▶ LISTED RECORDS
lemma resistant_iff_windows: "resistant c \<longleftrightarrow> windows_ok (False # False # c @ [False, False])"
proof -
  have "resistant c \<longleftrightarrow> permissible c \<and> (\<forall>k\<in>{1..length c}. \<not> occ c k \<longrightarrow>
          occ c (k-2) \<and> occ c (k-1) \<or> occ c (k+1) \<and> occ c (k+2))"
    unfolding resistant_iff_permissible using blocked_after_insertion_iff by blast
  then show ?thesis
    unfolding windows_ok_padded_iff resistant_window_def permissible_iff by blast
qed

section \<open>Decomposition into blocks\<close>

datatype block = B110 | B11010 | B1100

fun block_word :: "block \<Rightarrow> bool list" where
  "block_word B110 = [True, True, False]"
| "block_word B11010 = [True, True, False, True, False]"
| "block_word B1100 = [True, True, False, False]"

lemma UNIV_block: "(UNIV :: block set) = {B110, B11010, B1100}"
  using block.exhaust by blast

instance block :: finite
  by standard (simp add: UNIV_block)

definition anchored :: "bool list \<Rightarrow> bool" where
  "anchored d \<longleftrightarrow> (\<exists>r. d = True # True # r) \<and> resistant d"

lemma anchored_iff_windows_ok:
  "anchored (True # True # r) \<longleftrightarrow> windows_ok (False # False # True # True # r @ [False, False])"
  by (simp add: anchored_def resistant_iff_windows)

lemma windows_ok_ConsD: "windows_ok (x # l) \<Longrightarrow> windows_ok l"
  by (cases "x # l" rule: windows_ok.cases) auto

lemma windows_ok_shift:
  "windows_ok (True # False # True # True # r) \<longleftrightarrow> windows_ok (False # False # True # True # r)"
  by (cases r) (auto simp: resistant_window_def)

lemma anchored_block_append: "anchored d \<Longrightarrow> anchored (block_word b @ d)"
  unfolding anchored_def resistant_iff_windows
  by (cases b) (auto simp: windows_ok_shift resistant_window_def)

lemma bool_list_cases:
  obtains "r = []" | r' where "r = True # r'" | r' where "r = False # r'"
  by (metis list.exhaust)

lemma anchored_cases:
  assumes "anchored d"
  obtains "d \<in> {[True, True], [True, True, False], [True, True, False, True]}"
  | b d' where "anchored d'" "d = block_word b @ d'"
proof -
  obtain r where d: "d = True # True # r" and w: "windows_ok (False # False # True # True # r @ [False, False])"
    using assms unfolding anchored_def resistant_iff_windows by auto
  consider "r \<in> {[], [False], [False, True]}"
    | r' where "r = False # True # True # r'"
    | r' where "r = False # True # False # True # True # r'"
    | r' where "r = False # False # True # True # r'"
    using w
    by (cases r rule: bool_list_cases; cases "tl r" rule: bool_list_cases;
        cases "tl (tl r)" rule: bool_list_cases; cases "tl (tl (tl r))" rule: bool_list_cases;
        cases "tl (tl (tl (tl r)))" rule: bool_list_cases)
      (simp_all add: resistant_window_def)
  then show thesis
  proof cases
    case 1
    then show thesis using that(1) d by auto
  next
    case 2
    then show thesis
      using that(2)[of "True # True # r'" B110] w d
      by (auto simp: anchored_iff_windows_ok windows_ok_shift dest!: windows_ok_ConsD)
  next
    case 3
    then show thesis
      using that(2)[of "True # True # r'" B11010] w d
      by (auto simp: anchored_iff_windows_ok windows_ok_shift dest!: windows_ok_ConsD)
  next
    case 4
    then show thesis
      using that(2)[of "True # True # r'" B1100] w d
      by (auto simp: anchored_iff_windows_ok windows_ok_shift dest!: windows_ok_ConsD)
  qed
qed

lemma resistant_cases:
  assumes "resistant c"
  obtains "c \<in> {[], [True]}" | p d where "p \<in> {[], [False], [True, False]}" "anchored d" "c = p @ d"
proof -
  have w: "windows_ok (False # False # c @ [False, False])"
    using assms resistant_iff_windows by blast
  consider "c \<in> {[], [True]}"
    | d where "c = True # True # d"
    | d where "c = False # True # True # d"
    | d where "c = True # False # True # True # d"
    using w
    by (cases c rule: bool_list_cases; cases "tl c" rule: bool_list_cases;
        cases "tl (tl c)" rule: bool_list_cases; cases "tl (tl (tl c))" rule: bool_list_cases)
      (simp_all add: resistant_window_def)
  then show thesis
  proof cases
    case 1
    then show thesis using that(1) by auto
  next
    case 2
    then show thesis
      using that(2)[of "[]" "True # True # d"] assms by (simp add: anchored_def)
  next
    case 3
    then show thesis
      using that(2)[of "[False]" "True # True # d"] w
      by (auto simp: anchored_iff_windows_ok dest!: windows_ok_ConsD)
  next
    case 4
    then show thesis
      using that(2)[of "[True, False]" "True # True # d"] w
      by (auto simp: anchored_iff_windows_ok windows_ok_shift dest!: windows_ok_ConsD)
  qed
qed

definition blocks_word :: "block list \<Rightarrow> bool list" where
  "blocks_word bs = concat (map block_word bs) @ [True, True]"

lemma blocks_word_Cons: "blocks_word (b # bs) = block_word b @ blocks_word bs"
  by (simp add: blocks_word_def)

lemma anchored_blocks_word: "anchored (blocks_word bs)"
proof (induction bs)
  case Nil
  show ?case
    by (simp add: blocks_word_def anchored_iff_windows_ok resistant_window_def)
next
  case (Cons b bs)
  then show ?case
    by (simp add: blocks_word_Cons anchored_block_append)
qed

lemma length_blocks_word: "length (blocks_word bs) = (\<Sum>b\<leftarrow>bs. length (block_word b)) + 2"
  by (simp add: blocks_word_def length_concat comp_def)

lemma houses_blocks_word: "houses (blocks_word bs) = (\<Sum>b\<leftarrow>bs. houses (block_word b)) + 2"
  by (induction bs) (auto simp: blocks_word_def houses_def)

lemma length_blocks_word_Cons: "2 < length (blocks_word (b # bs))"
  by (cases b) (simp_all add: blocks_word_def)

lemma block_word_append_cancel:
  "block_word b @ True # True # r = block_word b' @ True # True # r' \<Longrightarrow> b = b' \<and> r = r'"
  by (cases b; cases b') simp_all

lemma inj_blocks_word: "inj blocks_word"
proof (rule injI)
  fix bs bs' :: "block list"
  assume "blocks_word bs = blocks_word bs'"
  then show "bs = bs'"
  proof (induction bs arbitrary: bs')
    case Nil
    show ?case
    proof (cases bs')
      case (Cons b bs'')
      then have "2 < length (blocks_word [])"
        using Nil.prems length_blocks_word_Cons by simp
      then show ?thesis
        by (simp add: blocks_word_def)
    qed simp
  next
    case (Cons b bs)
    obtain b' bs'' where bs': "bs' = b' # bs''"
    proof (cases bs')
      case Nil
      then have "2 < length (blocks_word [])"
        using Cons.prems length_blocks_word_Cons[of b bs] by simp
      then show ?thesis
        by (simp add: blocks_word_def)
    qed
    obtain r r' where r: "blocks_word bs = True # True # r" and r': "blocks_word bs'' = True # True # r'"
      using anchored_blocks_word unfolding anchored_def by blast
    have "block_word b @ True # True # r = block_word b' @ True # True # r'"
      using Cons.prems unfolding bs' blocks_word_Cons r r' .
    then have "b = b' \<and> r = r'"
      by (rule block_word_append_cancel)
    then show ?case
      using Cons.IH[of bs''] bs' r r' by simp
  qed
qed

section \<open>Upper bound\<close>

lemma finite_bool_lists_length: "finite {xs :: bool list. length xs = n \<and> P xs}"
  using finite_lists_length_eq[of "UNIV :: bool set" n] by (rule rev_finite_subset) auto

definition weight :: "real \<Rightarrow> real \<Rightarrow> bool list \<Rightarrow> real" where
  "weight t u c = t ^ length c * u ^ houses c"

lemma weight_append: "weight t u (p @ d) = weight t u p * weight t u d"
  by (simp add: weight_def houses_def power_add)

lemma weight_nonneg: "0 \<le> t \<Longrightarrow> 0 \<le> u \<Longrightarrow> 0 \<le> weight t u c"
  by (simp add: weight_def)

lemma sum_weight_block_word:
  "(\<Sum>b\<in>UNIV. weight t u (block_word b)) = t^3 * u^2 + t^5 * u^3 + t^4 * u^2"
  by (simp add: UNIV_block weight_def houses_def numeral_eq_Suc)

lemma anchored_weight_bounded:
  assumes t: "0 < t" and u: "0 < u" and blocks: "(\<Sum>b\<in>UNIV. weight t u (block_word b)) \<le> 1"
  shows "\<exists>B. \<forall>n. (\<Sum>d | length d = n \<and> anchored d. weight t u d) \<le> B"
proof (rule bounded_if_renewal_le[where m = 4 and l = "\<lambda>b. length (block_word b)"])
  fix n :: nat
  assume "4 < n"
  let ?A = "\<lambda>m. {d. length d = m \<and> anchored d}"
  let ?pairs = "SIGMA b:UNIV. ?A (n - length (block_word b))"
  have "?A n \<subseteq> (\<lambda>(b, d). block_word b @ d) ` ?pairs"
  proof
    fix d assume d: "d \<in> ?A n"
    then have "anchored d" by simp
    then show "d \<in> (\<lambda>(b, d). block_word b @ d) ` ?pairs"
    proof (cases rule: anchored_cases)
      case 1
      then show ?thesis using d \<open>4 < n\<close> by auto
    next
      case (2 b d')
      then have "(b, d') \<in> ?pairs" using d by auto
      then show ?thesis using 2 by (auto intro: rev_image_eqI)
    qed
  qed
  then have "(\<Sum>d\<in>?A n. weight t u d) \<le> (\<Sum>d\<in>(\<lambda>(b, d). block_word b @ d) ` ?pairs. weight t u d)"
    using t u by (intro sum_mono2 finite_imageI finite_SigmaI finite_bool_lists_length weight_nonneg) auto
  also have "\<dots> \<le> (\<Sum>(b, d)\<in>?pairs. weight t u (block_word b @ d))"
  proof -
    have "finite ?pairs"
      by (intro finite_SigmaI finite_bool_lists_length) simp
    then show ?thesis
      using sum_image_le[of ?pairs "weight t u" "\<lambda>(b, d). block_word b @ d"] t u
      by (simp add: weight_nonneg comp_def case_prod_beta)
  qed
  also have "\<dots> = (\<Sum>b\<in>UNIV. \<Sum>d\<in>?A (n - length (block_word b)). weight t u (block_word b @ d))"
    by (rule sum.Sigma[symmetric]) (simp_all add: finite_bool_lists_length)
  also have "\<dots> = (\<Sum>b\<in>UNIV. weight t u (block_word b) * (\<Sum>d\<in>?A (n - length (block_word b)). weight t u d))"
    by (simp add: weight_append sum_distrib_left)
  finally show "(\<Sum>d\<in>?A n. weight t u d) \<le>
      (\<Sum>b\<in>UNIV. weight t u (block_word b) * (\<Sum>d\<in>?A (n - length (block_word b)). weight t u d))" .
next
  fix b
  show "0 < length (block_word b)"
    by (cases b) simp_all
qed (use t u blocks in \<open>simp_all add: weight_nonneg\<close>)

lemma resistant_weight_bounded:
  assumes t: "0 < t" and u: "0 < u" and blocks: "(\<Sum>b\<in>UNIV. weight t u (block_word b)) \<le> 1"
  shows "\<exists>C. \<forall>n. (\<Sum>c | length c = n \<and> resistant c. weight t u c) \<le> C"
proof -
  obtain B where B: "\<And>m. (\<Sum>d | length d = m \<and> anchored d. weight t u d) \<le> B"
    using anchored_weight_bounded[OF assms] by blast
  let ?P = "{[], [False], [True, False]}"
  define C where "C = (\<Sum>c\<in>{[], [True]}. weight t u c) + (\<Sum>p\<in>?P. weight t u p * B)"
  have "(\<Sum>c | length c = n \<and> resistant c. weight t u c) \<le> C" for n
  proof -
    let ?A = "\<lambda>m. {d. length d = m \<and> anchored d}"
    let ?pairs = "SIGMA p:?P. ?A (n - length p)"
    have fin: "finite ?pairs"
      by (intro finite_SigmaI finite_bool_lists_length) simp
    have "{c. length c = n \<and> resistant c} \<subseteq> {[], [True]} \<union> (\<lambda>(p, d). p @ d) ` ?pairs"
    proof
      fix c assume c: "c \<in> {c. length c = n \<and> resistant c}"
      then have "resistant c" by simp
      then show "c \<in> {[], [True]} \<union> (\<lambda>(p, d). p @ d) ` ?pairs"
      proof (cases rule: resistant_cases)
        case (2 p d)
        then have "(p, d) \<in> ?pairs" using c by auto
        then show ?thesis using 2 by (auto intro: rev_image_eqI)
      qed blast
    qed
    then have "(\<Sum>c | length c = n \<and> resistant c. weight t u c)
        \<le> (\<Sum>c\<in>{[], [True]}. weight t u c) + (\<Sum>c\<in>(\<lambda>(p, d). p @ d) ` ?pairs. weight t u c)"
      using t u fin
      by (intro order.trans[OF sum_mono2 sum_Un_le]) (auto intro: weight_nonneg)
    also have "(\<Sum>c\<in>(\<lambda>(p, d). p @ d) ` ?pairs. weight t u c) \<le> (\<Sum>(p, d)\<in>?pairs. weight t u (p @ d))"
      using sum_image_le[OF fin, of "weight t u" "\<lambda>(p, d). p @ d"] t u
      by (simp add: weight_nonneg comp_def case_prod_beta)
    also have "\<dots> = (\<Sum>p\<in>?P. \<Sum>d\<in>?A (n - length p). weight t u (p @ d))"
      by (rule sum.Sigma[symmetric]) (simp_all add: finite_bool_lists_length)
    also have "\<dots> = (\<Sum>p\<in>?P. weight t u p * (\<Sum>d\<in>?A (n - length p). weight t u d))"
      by (simp add: weight_append sum_distrib_left)
    also have "\<dots> \<le> (\<Sum>p\<in>?P. weight t u p * B)"
      using t u by (intro sum_mono mult_left_mono B weight_nonneg) auto
    finally show ?thesis
      unfolding C_def by simp
  qed
  then show ?thesis by blast
qed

▶ WHAT YOU WILL DO
For the string "blast", find every line of the material that contains it, and copy each one.

▶ THE ANSWER
    unfolding resistant_iff_permissible using blocked_after_insertion_iff by blast
    unfolding windows_ok_padded_iff resistant_window_def permissible_iff by blast
  using block.exhaust by blast
    using assms resistant_iff_windows by blast
      using anchored_blocks_word unfolding anchored_def by blast
    using anchored_weight_bounded[OF assms] by blast
      qed blast
  then show ?thesis by blast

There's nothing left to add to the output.